March 18, 2011
Spain's grain inventories at low levels
Grain supplies in Spain are unusually low and the country will need a wave of imports to meet demand until domestic new crop is available in July, according to a trade spokesman.
Francisco Alvarez, president of Spanish grain merchants' association ACCOE, estimated warehouses across Spain currently held less than the 1.5-2 million tonnes left over from the previous 2009-10 market year.
"We're in March, there are still many months left. I see merchandise coming from the EU because here we don't have enough to tide us over to the harvest," Alvarez said on the sidelines of an annual grain traders' gathering held by ACCOE.
"I think EU exporters will also have to lower prices because they have been too high to compete here," he added.

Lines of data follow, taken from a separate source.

(* The weak Krull dimension of $\mathcal{S}'(\mathbb{Z}^{d})$ is $1$: finitely generated proper prime ideals of $\mathcal{S}'(\mathbb{Z}^{d})$ exist, and if $\mathfrak{p}_1\subseteq\mathfrak{p}_2$ are finitely generated proper prime ideals of $\mathcal{S}'(\mathbb{Z}^{d})$, then $\mathfrak{p}_1=\mathfrak{p}_2$ (so every chain of distinct finitely generated proper prime ideals consists of exactly one ideal).
   Context: For $\mathbf{n}=(n_1,\dots,n_d)\in\mathbb{Z}^d$ write $\|\mathbf{n}\|:=|n_1|+\cdots+|n_d|$. $\mathcal{S}'(\mathbb{Z}^{d})$ denotes the set of all maps $f:\mathbb{Z}^d\to\mathbb{C}$ of at most polynomial growth, i.e. for which there exist a real $M>0$ and an integer $m\geq 0$ with $|f(\mathbf{n})|\leq M(1+\|\mathbf{n}\|)^m$ for all $\mathbf{n}\in\mathbb{Z}^d$. It is a commutative unital ring under pointwise addition and multiplication. The weak Krull dimension of a commutative ring is the supremum of the lengths of chains of distinct proper finitely generated prime ideals, where (as in the paper) the length of a chain is counted as the number of ideals in it. *)

theory Defs
  imports "HOL-Analysis.Analysis" "HOL-Algebra.Ideal"
begin

text \<open>The l1-norm on Z^d, with Z^d rendered as int ^ 'd for a finite index type 'd (d = CARD('d)).\<close>
definition l1norm :: "int ^ 'd \<Rightarrow> int" where
  "l1norm n = (\<Sum>i\<in>UNIV. \<bar>n $ i\<bar>)"

text \<open>S'(Z^d): maps of at most polynomial growth.\<close>
definition tempered :: "(int ^ 'd \<Rightarrow> complex) set" where
  "tempered = {f. \<exists>M::real. M > 0 \<and> (\<exists>m::nat. \<forall>n. cmod (f n) \<le> M * (1 + real_of_int (l1norm n)) ^ m)}"

definition SZ :: "(int ^ 'd \<Rightarrow> complex) ring" where
  "SZ = \<lparr>carrier = tempered,
         monoid.mult = (\<lambda>f g x. f x * g x),
         one = (\<lambda>x. 1),
         zero = (\<lambda>x. 0),
         add = (\<lambda>f g x. f x + g x)\<rparr>"

definition fg_proper_prime :: "('a, 'b) ring_scheme \<Rightarrow> 'a set \<Rightarrow> bool" where
  "fg_proper_prime R P \<longleftrightarrow> primeideal P R \<and> P \<noteq> carrier R \<and>
     (\<exists>A. finite A \<and> A \<subseteq> carrier R \<and> P = Idl\<^bsub>R\<^esub> A)"

end

theory Submission
  imports Defs
begin

text \<open>The finitely generated proper prime ideals of \<open>S'(\<int>\<^sup>d)\<close> are exactly the ideals
  \<open>{f. f a = 0}\<close> of the points \<open>a\<close>, and these are pairwise incomparable.
  If finitely many generators \<open>f\<^sub>i\<close> of a prime ideal \<open>P\<close> have a common zero \<open>a\<close>, then
  \<open>\<delta>\<^sub>a (1 - \<delta>\<^sub>a) = 0\<close> with \<open>\<delta>\<^sub>a \<notin> P\<close> forces \<open>1 - \<delta>\<^sub>a \<in> P\<close>, and \<open>1 - \<delta>\<^sub>a\<close> generates the
  ideal of \<open>a\<close>. Otherwise \<open>G = \<Sum>\<^sub>i |f\<^sub>i|\<^sup>2\<close> is a strictly positive element of \<open>P\<close>, and
  every element \<open>h\<close> of \<open>P\<close> satisfies \<open>|h|\<^sup>2 \<le> |k| G\<close> for some tempered \<open>k\<close>. Primality puts
  the fourth root of \<open>G\<close> into \<open>P\<close>, and the estimate for it shows that \<open>1/G\<close> is
  tempered, so \<open>P\<close> contains a unit.\<close>

definition weight :: "int ^ 'd \<Rightarrow> real" where
  "weight n = 1 + real_of_int (l1norm n)"

lemma weight_ge_1: "weight n \<ge> 1"
  unfolding weight_def l1norm_def by (simp add: sum_nonneg)

lemma weight_power_mono: "weight n ^ m \<le> weight n ^ (m + k)"
  using weight_ge_1[of n] by (intro power_increasing) auto

lemma tempered_iff_weight:
  "f \<in> tempered \<longleftrightarrow> (\<exists>M m. \<forall>n. cmod (f n) \<le> M * weight n ^ m)"
proof
  assume "\<exists>M m. \<forall>n. cmod (f n) \<le> M * weight n ^ m"
  then obtain M m where M: "\<And>n. cmod (f n) \<le> M * weight n ^ m" by blast
  have "cmod (f n) \<le> max M 1 * weight n ^ m" for n
    using M[of n] mult_right_mono[of M "max M 1" "weight n ^ m"] weight_ge_1[of n]
    by (simp add: order_trans)
  then show "f \<in> tempered"
    unfolding tempered_def weight_def by (intro CollectI exI[of _ "max M 1"]) auto
qed (auto simp: tempered_def weight_def)

lemma tempered_weightE:
  assumes "f \<in> tempered"
  obtains M m where "M \<ge> 0" "\<And>n. cmod (f n) \<le> M * weight n ^ m"
proof -
  from assms obtain M m where "M > 0" "\<And>n. cmod (f n) \<le> M * weight n ^ m"
    unfolding tempered_def weight_def by blast
  then show ?thesis using that[of M m] by simp
qed

lemma tempered_norm_le:
  assumes "f \<in> tempered" "\<And>n. cmod (g n) \<le> cmod (f n)"
  shows "g \<in> tempered"
  using assms unfolding tempered_iff_weight by (meson order_trans)

lemma tempered_const: "(\<lambda>n. c) \<in> tempered"
  unfolding tempered_iff_weight by (intro exI[of _ "cmod c"] exI[of _ 0]) simp

lemma tempered_cnj: "f \<in> tempered \<Longrightarrow> (\<lambda>n. cnj (f n)) \<in> tempered"
  by (rule tempered_norm_le) auto

lemma tempered_of_real_norm: "f \<in> tempered \<Longrightarrow> (\<lambda>n. complex_of_real (cmod (f n))) \<in> tempered"
  by (rule tempered_norm_le) auto

lemma tempered_add:
  assumes "f \<in> tempered" "g \<in> tempered"
  shows "(\<lambda>n. f n + g n) \<in> tempered"
proof -
  obtain M m where M: "M \<ge> 0" "\<And>n. cmod (f n) \<le> M * weight n ^ m"
    using tempered_weightE[OF assms(1)] by blast
  obtain K k where K: "K \<ge> 0" "\<And>n. cmod (g n) \<le> K * weight n ^ k"
    using tempered_weightE[OF assms(2)] by blast
  have "cmod (f n + g n) \<le> (M + K) * weight n ^ (m + k)" for n
  proof -
    have "cmod (f n + g n) \<le> M * weight n ^ (m + k) + K * weight n ^ (k + m)"
      using norm_triangle_ineq[of "f n" "g n"] M(2)[of n] K(2)[of n]
        mult_left_mono[OF weight_power_mono[of n m k] M(1)]
        mult_left_mono[OF weight_power_mono[of n k m] K(1)] by linarith
    then show ?thesis by (simp add: algebra_simps add.commute)
  qed
  then show ?thesis unfolding tempered_iff_weight by blast
qed

lemma tempered_mult:
  assumes "f \<in> tempered" "g \<in> tempered"
  shows "(\<lambda>n. f n * g n) \<in> tempered"
proof -
  obtain M m where M: "M \<ge> 0" "\<And>n. cmod (f n) \<le> M * weight n ^ m"
    using tempered_weightE[OF assms(1)] by blast
  obtain K k where K: "K \<ge> 0" "\<And>n. cmod (g n) \<le> K * weight n ^ k"
    using tempered_weightE[OF assms(2)] by blast
  have "cmod (f n * g n) \<le> (M * K) * weight n ^ (m + k)" for n
  proof -
    have "cmod (f n * g n) \<le> (M * weight n ^ m) * (K * weight n ^ k)"
      unfolding norm_mult using weight_ge_1[of n] M K by (intro mult_mono) auto
    then show ?thesis by (simp add: power_add mult_ac)
  qed
  then show ?thesis unfolding tempered_iff_weight by blast
qed

lemma tempered_sqrt_norm:
  assumes "f \<in> tempered"
  shows "(\<lambda>n. complex_of_real (sqrt (cmod (f n)))) \<in> tempered"
proof (rule tempered_norm_le)
  show "(\<lambda>n. 1 + complex_of_real (cmod (f n))) \<in> tempered"
    by (intro tempered_add tempered_const tempered_of_real_norm assms)
  have "sqrt x \<le> 1 + x" if "x \<ge> 0" for x :: real
  proof -
    have "sqrt x \<le> sqrt ((1 + x)\<^sup>2)"
      using that by (intro real_sqrt_le_mono) (simp add: power2_eq_square algebra_simps)
    then show ?thesis using that by simp
  qed
  then show "cmod (complex_of_real (sqrt (cmod (f n)))) \<le> cmod (1 + complex_of_real (cmod (f n)))" for n
    by (metis norm_ge_zero norm_of_real of_real_1 of_real_add abs_of_nonneg add_nonneg_nonneg
        real_sqrt_ge_zero zero_le_one)
qed

lemma SZ_simps [simp]:
  "carrier SZ = tempered" "(\<otimes>\<^bsub>SZ\<^esub>) = (\<lambda>f g n. f n * g n)" "(\<oplus>\<^bsub>SZ\<^esub>) = (\<lambda>f g n. f n + g n)"
  "\<one>\<^bsub>SZ\<^esub> = (\<lambda>n. 1)" "\<zero>\<^bsub>SZ\<^esub> = (\<lambda>n. 0)"
  by (simp_all add: SZ_def)

lemma cring_SZ: "cring SZ"
proof (rule cringI)
  show "abelian_group SZ"
  proof (rule abelian_groupI)
    fix f assume "f \<in> carrier SZ"
    then have "(\<lambda>n. - f n) \<in> tempered" using tempered_norm_le[of f "\<lambda>n. - f n"] by simp
    then show "\<exists>g\<in>carrier SZ. g \<oplus>\<^bsub>SZ\<^esub> f = \<zero>\<^bsub>SZ\<^esub>" by (intro bexI[of _ "\<lambda>n. - f n"]) auto
  qed (auto intro: tempered_add tempered_const simp: algebra_simps)
  show "comm_monoid SZ"
    by (rule comm_monoidI) (auto intro: tempered_mult tempered_const simp: algebra_simps)
qed (auto simp: algebra_simps)

lemma SZ_a_inv: "f \<in> tempered \<Longrightarrow> \<ominus>\<^bsub>SZ\<^esub> f = (\<lambda>n. - f n)"
proof -
  assume f: "f \<in> tempered"
  interpret cring SZ by (rule cring_SZ)
  have "(\<lambda>n. - f n) \<in> tempered" by (rule tempered_norm_le[OF f]) simp
  then show ?thesis using f by (intro minus_equality) auto
qed

lemma ideal_SZI:
  assumes "I \<subseteq> tempered" "(\<lambda>n. 0) \<in> I"
    and add: "\<And>f g. f \<in> I \<Longrightarrow> g \<in> I \<Longrightarrow> (\<lambda>n. f n + g n) \<in> I"
    and mult: "\<And>f h. f \<in> I \<Longrightarrow> h \<in> tempered \<Longrightarrow> (\<lambda>n. h n * f n) \<in> I"
  shows "ideal I SZ"
proof (rule idealI)
  show "ring SZ" by (rule cring.axioms(1)[OF cring_SZ])
  show "subgroup I (add_monoid SZ)"
  proof
    fix f assume "f \<in> I"
    then have "(\<lambda>n. - f n) \<in> I" "f \<in> tempered"
      using mult[OF _ tempered_const, of f "- 1"] assms(1) by auto
    moreover have "inv\<^bsub>add_monoid SZ\<^esub> f = \<ominus>\<^bsub>SZ\<^esub> f" by (simp add: a_inv_def)
    ultimately show "inv\<^bsub>add_monoid SZ\<^esub> f \<in> I" using SZ_a_inv[of f] by simp
  qed (use assms in auto)
qed (use mult in \<open>auto simp: mult.commute\<close>)

definition vanishing_ideal :: "int ^ 'd \<Rightarrow> (int ^ 'd \<Rightarrow> complex) set" where
  "vanishing_ideal a = {f \<in> tempered. f a = 0}"

lemma tempered_indicator: "(\<lambda>n. indicator S n :: complex) \<in> tempered"
  by (rule tempered_norm_le[OF tempered_const[of 1]]) (simp add: indicator_def)

lemma tempered_one_minus_indicator: "(\<lambda>n. 1 - indicator S n :: complex) \<in> tempered"
  by (rule tempered_norm_le[OF tempered_const[of 1]]) (simp add: indicator_def)

lemma ideal_vanishing_ideal: "ideal (vanishing_ideal a) SZ"
  by (rule ideal_SZI) (auto simp: vanishing_ideal_def intro: tempered_add tempered_mult tempered_const)

lemma primeideal_vanishing_ideal: "primeideal (vanishing_ideal a) SZ"
proof (rule primeidealI)
  show "ideal (vanishing_ideal a) SZ" by (rule ideal_vanishing_ideal)
  have "(\<lambda>n. 1) \<notin> vanishing_ideal a" by (simp add: vanishing_ideal_def)
  then show "carrier SZ \<noteq> vanishing_ideal a" using tempered_const by auto
qed (auto simp: vanishing_ideal_def cring_SZ)

lemma vanishing_ideal_eq_genideal:
  "vanishing_ideal a = Idl\<^bsub>SZ\<^esub> {\<lambda>n. 1 - indicator {a} n}"
proof -
  interpret cring SZ by (rule cring_SZ)
  let ?e = "\<lambda>n. 1 - indicator {a} n :: complex"
  show ?thesis
  proof
    show "Idl\<^bsub>SZ\<^esub> {?e} \<subseteq> vanishing_ideal a"
      by (rule genideal_minimal[OF ideal_vanishing_ideal])
        (simp add: vanishing_ideal_def tempered_one_minus_indicator)
    show "vanishing_ideal a \<subseteq> Idl\<^bsub>SZ\<^esub> {?e}"
    proof
      fix f assume f: "f \<in> vanishing_ideal a"
      interpret ideal "Idl\<^bsub>SZ\<^esub> {?e}" SZ
        using tempered_one_minus_indicator by (intro genideal_ideal) auto
      have "f \<otimes>\<^bsub>SZ\<^esub> ?e \<in> Idl\<^bsub>SZ\<^esub> {?e}"
        using f tempered_one_minus_indicator
        by (intro I_l_closed genideal_self') (auto simp: vanishing_ideal_def)
      moreover have "f \<otimes>\<^bsub>SZ\<^esub> ?e = f"
        using f by (auto simp: vanishing_ideal_def indicator_def)
      ultimately show "f \<in> Idl\<^bsub>SZ\<^esub> {?e}" by simp
    qed
  qed
qed

lemma fg_proper_prime_vanishing_ideal: "fg_proper_prime SZ (vanishing_ideal a)"
proof -
  interpret primeideal "vanishing_ideal a" SZ by (rule primeideal_vanishing_ideal)
  show ?thesis
    unfolding fg_proper_prime_def using primeideal_axioms I_notcarr tempered_one_minus_indicator
    by (auto simp: vanishing_ideal_eq_genideal intro!: exI[of _ "{\<lambda>n. 1 - indicator {a} n}"])
qed

lemma vanishing_ideal_subset_imp_eq:
  assumes "vanishing_ideal a \<subseteq> vanishing_ideal b"
  shows "a = b"
proof (rule ccontr)
  assume "a \<noteq> b"
  then have "(\<lambda>n. indicator {b} n :: complex) \<in> vanishing_ideal a"
    using tempered_indicator by (simp add: vanishing_ideal_def)
  then show False using assms by (auto simp: vanishing_ideal_def)
qed

lemma prime_genideal_with_common_zero:
  assumes "primeideal (Idl\<^bsub>SZ\<^esub> A) SZ" "A \<subseteq> tempered" "\<And>f. f \<in> A \<Longrightarrow> f a = 0"
  shows "Idl\<^bsub>SZ\<^esub> A = vanishing_ideal a"
proof
  interpret P: primeideal "Idl\<^bsub>SZ\<^esub> A" SZ by (fact assms(1))
  let ?\<delta> = "\<lambda>n. indicator {a} n :: complex"
  show sub: "Idl\<^bsub>SZ\<^esub> A \<subseteq> vanishing_ideal a"
    using assms(2,3) by (intro P.genideal_minimal ideal_vanishing_ideal) (auto simp: vanishing_ideal_def)
  have "?\<delta> \<notin> Idl\<^bsub>SZ\<^esub> A" using sub by (auto simp: vanishing_ideal_def)
  moreover have "?\<delta> \<otimes>\<^bsub>SZ\<^esub> (\<lambda>n. 1 - ?\<delta> n) \<in> Idl\<^bsub>SZ\<^esub> A"
  proof -
    have "?\<delta> \<otimes>\<^bsub>SZ\<^esub> (\<lambda>n. 1 - ?\<delta> n) = \<zero>\<^bsub>SZ\<^esub>" by (auto simp: indicator_def)
    then show ?thesis using additive_subgroup.zero_closed[OF P.is_additive_subgroup] by simp
  qed
  ultimately have "(\<lambda>n. 1 - ?\<delta> n) \<in> Idl\<^bsub>SZ\<^esub> A"
    using P.I_prime tempered_indicator tempered_one_minus_indicator by fastforce
  then show "vanishing_ideal a \<subseteq> Idl\<^bsub>SZ\<^esub> A"
    unfolding vanishing_ideal_eq_genideal by (intro P.genideal_minimal P.is_ideal) auto
qed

Spain needs to import at least 10 million tonnes of cereal a year because farmers can never grow enough to meet demand in the country's poor soil and harsh climate.
Port sources say quayside silos hold enough for about two months' demand from clients, mainly in Spain's animal feed industry, Europe's biggest.
Alvarez said the EU's removal of automatic intervention last year to support prices had led to extreme market volatility, which hurt livestock farmers and merchants.
"Prices were so low farmers were not encouraged to sow, so when supply tightened we had the shortfalls we have seen and prices shot up," he said.
Farmers decided to plant less for last summer's harvest when wheat and barley farm-gate prices dipped to EUR120 (US$169) per tonne.
Prices are now EUR217 (US$305) and EUR237/tonne (US$333) <GRAES01> after a broad-based grains rally triggered by a poor harvest in Russia last year, but that is beyond the reach of livestock farmers facing a slump in meat prices.
Lack of credit for farmers added to merchants' problems, Alvarez said.
"We are very concerned about payments. Contracts expire which livestock farmers cannot pay, and they pass that down the food chain to us," he said. "We are financing clients the banks don't want to finance."
Alvarez estimated EUR160 (US$225) per tonne was a reasonable minimum grain price to encourage farmers to plant enough to prevent excessive shortages.
"But neither should prices surpass EUR180 (US$253). That would be logical and reasonable. Anything above or below would be extreme and that is never good," he said.
"What the EU calls a free market I call a lawless market, where the strong prey on the weak. In our case, big retail pays what and when it likes, and livestock farmers suffer the consequences," he said.